Disseminated/Systemic Candidiasis. There were 2956 patients (5%) diagnosed with disseminated/systemic candidiasis. Fluconazole was the most commonly prescribed antifungal agent for inpatients with disseminated/systemic candidiasis (61%), followed by LFAB (42%). During the study period, there were significant changes in prescribing for inpatients (Figure 3A). AMB was used to treat 65% of inpatients in 2000-2001, but only 11% of cases received the drug in 2005-2006 (P < 0.0001). In 2000-2001, 24% of all amphotericin preparations prescribed for disseminated/systemic candidiasis were LFAB, whereas in 2005-2006, 77% were LFAB. The echinocandins significantly increased in prescription for the treatment of disseminated/systemic candidiasis, from 0% in 2000-2001 to 23% in 2005-2006 (P < 0.0001).

A, Trends in antifungal therapy for disseminated systemic candidiasis. B, Trends in antifungal therapy for aspergillosis.

Aspergillosis. There were a total of 1002 patients who were diagnosed with aspergillosis (2%). The most common antifungal agents prescribed for patients with aspergillosis were voriconazole (43%) and LFAB (42%). In 2000-2001, 43% of all amphotericin preparations prescribed for aspergillosis were LFAB, while in 2005-2006, 92% were LFAB. All antifungal agents except fluconazole demonstrated significant changes in utilization over the study period (Figure 3B).

During the study period, there were 5839 neonatal hospitalizations requiring at least 1 dose of an antifungal agent. There was a significant increase in the number of neonatal patients treated with antifungal therapy during the 7-year period (P = 0.03). Fluconazole was the most commonly prescribed antifungal agent in neonates (65%), followed by AMB (30%) and LFAB (20%). The use of fluconazole and the echinocandins in neonates significantly increased during the study period (P = 0.03 and P = 0.04, respectively), whereas the use of AMB and flucytosine decreased over the same time period (P = 0.02 and P = 0.02, respectively) (Figure 4).

Trends in antifungal therapy for neonatal hospitalizations, 2000-2006.

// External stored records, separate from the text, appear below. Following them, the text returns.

abbreviation unit_exp :: "nat \<Rightarrow> nat \<Rightarrow>\<^sub>0 nat" where
  "unit_exp n \<equiv> Poly_Mapping.single n 1"

abbreviation mon :: "(nat \<Rightarrow>\<^sub>0 nat) \<Rightarrow> 'a::comm_ring_1 dpoly" where
  "mon e \<equiv> Poly_Mapping.single e 1"

text \<open>Move one unit of the exponent of \<open>x\<^sub>n\<close> to \<open>x\<^sub>k\<close>; meaningful when \<open>x\<^sub>n\<close> occurs in \<open>e\<close>
  (otherwise the truncated subtraction makes it just add \<open>x\<^sub>k\<close>).\<close>
abbreviation move_exp :: "(nat \<Rightarrow>\<^sub>0 nat) \<Rightarrow> nat \<Rightarrow> nat \<Rightarrow> nat \<Rightarrow>\<^sub>0 nat" where
  "move_exp e n k \<equiv> e - unit_exp n + unit_exp k"

lemma move_exp_inverse:
  assumes "Poly_Mapping.lookup e n \<noteq> 0"
  shows "move_exp (move_exp e n k) k n = e"
  by (rule poly_mapping_eqI) (use assms in \<open>auto simp: lookup_add lookup_minus lookup_single when_def\<close>)

lemma single_move_mult:
  fixes a b c :: "'a::comm_ring_1"
  shows "Poly_Mapping.single (e + f - unit_exp n + t) (a * b * of_nat (Poly_Mapping.lookup e n) * c)
     = Poly_Mapping.single (e - unit_exp n + t) (a * of_nat (Poly_Mapping.lookup e n) * c)
       * Poly_Mapping.single f b"
proof (cases "Poly_Mapping.lookup e n = 0")
  case False
  then have "e + f - unit_exp n + t = (e - unit_exp n + t) + f"
    by (intro poly_mapping_eqI) (auto simp: lookup_add lookup_minus lookup_single when_def)
  then show ?thesis by (simp add: mult_single mult_ac add.commute)
qed simp

lemma keys_add_exp:
  "Poly_Mapping.keys (e + f :: nat \<Rightarrow>\<^sub>0 nat) = Poly_Mapping.keys e \<union> Poly_Mapping.keys f"
  by (auto simp: in_keys_iff lookup_add)

lemma dvar_power: "(dvar n :: 'a::comm_ring_1 dpoly) ^ k = mon (Poly_Mapping.single n k)"
  by (induction k) (simp_all add: dvar_def mult_single single_add[symmetric])

lemma sum_keys_extend:
  fixes e :: "nat \<Rightarrow>\<^sub>0 nat"
  assumes "finite K" "Poly_Mapping.keys e \<subseteq> K"
    and "\<And>n. n \<in> K \<Longrightarrow> Poly_Mapping.lookup e n = 0 \<Longrightarrow> g n = 0"
  shows "(\<Sum>n\<in>Poly_Mapping.keys e. g n) = (\<Sum>n\<in>K. g n)"
  by (rule sum.mono_neutral_left) (use assms in \<open>auto simp: in_keys_iff\<close>)

definition wdeg :: "(nat \<Rightarrow> nat) \<Rightarrow> (nat \<Rightarrow>\<^sub>0 nat) \<Rightarrow> nat" where
  "wdeg h e = (\<Sum>k\<in>Poly_Mapping.keys e. h k * Poly_Mapping.lookup e k)"

abbreviation "tdeg \<equiv> wdeg (\<lambda>_. 1)"
abbreviation "weight \<equiv> wdeg (\<lambda>k. k)"
abbreviation "sq_weight \<equiv> wdeg (\<lambda>k. k * k)"

lemma wdeg_add: "wdeg h (e + f) = wdeg h e + wdeg h f"
  unfolding wdeg_def by (rule setsum_keys_plus_distrib) (auto simp: distrib_left)

lemma wdeg_single [simp]: "wdeg h (Poly_Mapping.single k n) = h k * n"
  by (cases "n = 0") (auto simp: wdeg_def)

lemma wdeg_zero [simp]: "wdeg h 0 = 0"
  by (simp add: wdeg_def)

lemma wdeg_sum: "wdeg h (sum f A) = (\<Sum>a\<in>A. wdeg h (f a))"
  by (induction A rule: infinite_finite_induct) (auto simp: wdeg_add)

lemma wdeg_extend:
  assumes "finite K" "Poly_Mapping.keys e \<subseteq> K"
  shows "wdeg h e = (\<Sum>k\<in>K. h k * Poly_Mapping.lookup e k)"
  unfolding wdeg_def by (rule sum_keys_extend) (use assms in auto)

lemma wdeg_move_exp:
  assumes "Poly_Mapping.lookup e n \<noteq> 0"
  shows "wdeg h (move_exp e n k) + h n = wdeg h e + h k"
proof -
  have "e = (e - unit_exp n) + unit_exp n"
    by (rule poly_mapping_eqI) (use assms in \<open>auto simp: lookup_add lookup_minus lookup_single when_def\<close>)
  then have "wdeg h e = wdeg h (e - unit_exp n) + h n"
    by (metis wdeg_add wdeg_single mult_1_right)
  then show ?thesis by (simp add: wdeg_add)
qed

lemma exp_eq_single_if_keys_subset:
  assumes "Poly_Mapping.keys e \<subseteq> {i}"
  shows "e = Poly_Mapping.single i (tdeg e)"
proof -
  have "tdeg e = Poly_Mapping.lookup e i" using wdeg_extend[of "{i}" e] assms by simp
  then show ?thesis
    by (intro poly_mapping_eqI) (use assms in \<open>auto simp: lookup_single when_def in_keys_iff\<close>)
qed

lemma exp_eq_single_0_if_weight_0:
  assumes "weight e = 0"
  shows "e = Poly_Mapping.single 0 (tdeg e)"
proof (rule exp_eq_single_if_keys_subset, rule subsetI)
  fix k assume k: "k \<in> Poly_Mapping.keys e"
  have "k * Poly_Mapping.lookup e k \<le> weight e"
    unfolding wdeg_def by (rule member_le_sum) (use k in auto)
  with k assms show "k \<in> {0}" by (auto simp: in_keys_iff)
qed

A total of 1247 (21%) neonates were diagnosed with a fungal infection, most commonly a form of candidiasis (86%). Mucosal/superficial candidal infections accounted for 442 (35%) neonatal fungal infections, which were most commonly treated with fluconazole (71%), AMB (36%), and LFAB (15%). Disseminated/systemic candidiasis accounted for 631 (51%) neonatal fungal infections. AMB was used most commonly to treat these neonates (54%), followed by fluconazole (50%). Prescribing of AMB, LFAB, and the echinocandins for the treatment of neonatal disseminated/systemic candidiasis changed significantly during the study period. In 2000-2001, 14% of all amphotericin preparations prescribed were LFAB, while in 2005-2006, 63% were LFAB.